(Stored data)

theorem corollary29:
  fixes d :: nat and \<alpha> :: "nat \<Rightarrow> real" and p :: "nat \<Rightarrow> complex mat"
  assumes "d \<ge> 2"
    and "\<And>i. i \<in> {1..d} \<Longrightarrow> 0 < \<alpha> i \<and> \<alpha> i < 1"
    and "\<And>i. i \<in> {1..d} \<Longrightarrow> p i \<in> carrier_mat (d+1) (d+1)"
    and "\<And>i. i \<in> {1..d} \<Longrightarrow> p i * p i = p i"
    and "\<And>i. i \<in> {1..d} \<Longrightarrow> mat_adjoint (p i) = p i"
    and "\<And>i. i \<in> {1..d} \<Longrightarrow> proj2 d i * p i = p i"
    and "\<And>i. i \<in> {1..d} \<Longrightarrow> p i $$ (0,0) = complex_of_real (\<alpha> i)"
  shows "gen_alg ((\<lambda>i. p i - complex_of_real (\<alpha> i) \<cdot>\<^sub>m proj2 d i) ` {1..d})
         = carrier_mat (d+1) (d+1)"
proof -
  define \<beta> where "\<beta> i = p i $$ (0, i)" for i
  have "p i - of_real (\<alpha> i) \<cdot>\<^sub>m proj2 d i = spoke_mat (d+1) i (\<beta> i) (cnj (\<beta> i)) (1 - 2 * of_real (\<alpha> i))"
    if "i \<in> {1..d}" for i
    using that assms(2-7)[OF that] unfolding \<beta>_def by (intro centred_projection_eq_spoke_mat) auto
  then have generators: "(\<lambda>i. p i - of_real (\<alpha> i) \<cdot>\<^sub>m proj2 d i) ` {1..d}
      = (\<lambda>i. spoke_mat (d+1) i (\<beta> i) (cnj (\<beta> i)) (1 - 2 * of_real (\<alpha> i))) ` {1..d}"
    by (rule image_cong[OF refl])
  have "\<beta> i \<noteq> 0" if "i \<in> {1..d}" for i
    using that assms(2-7)[OF that] unfolding \<beta>_def by (intro projection_below_proj2_corner(1)[of i d "\<alpha> i"]) auto
  then show ?thesis
    unfolding generators using unit_mat_in_gen_alg_spoke_mats[OF assms(1)]
    by (intro gen_alg_eq_carrier_mat) auto
qed

end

» **Aim of the task**
The lines to return are those in the entries above that include "assms".

» **Completed task**
    using that assms(2-7)[OF that] unfolding \<beta>_def by (intro centred_projection_eq_spoke_mat) auto
    using that assms(2-7)[OF that] unfolding \<beta>_def by (intro projection_below_proj2_corner(1)[of i d "\<alpha> i"]) auto
    unfolding generators using unit_mat_in_gen_alg_spoke_mats[OF assms(1)]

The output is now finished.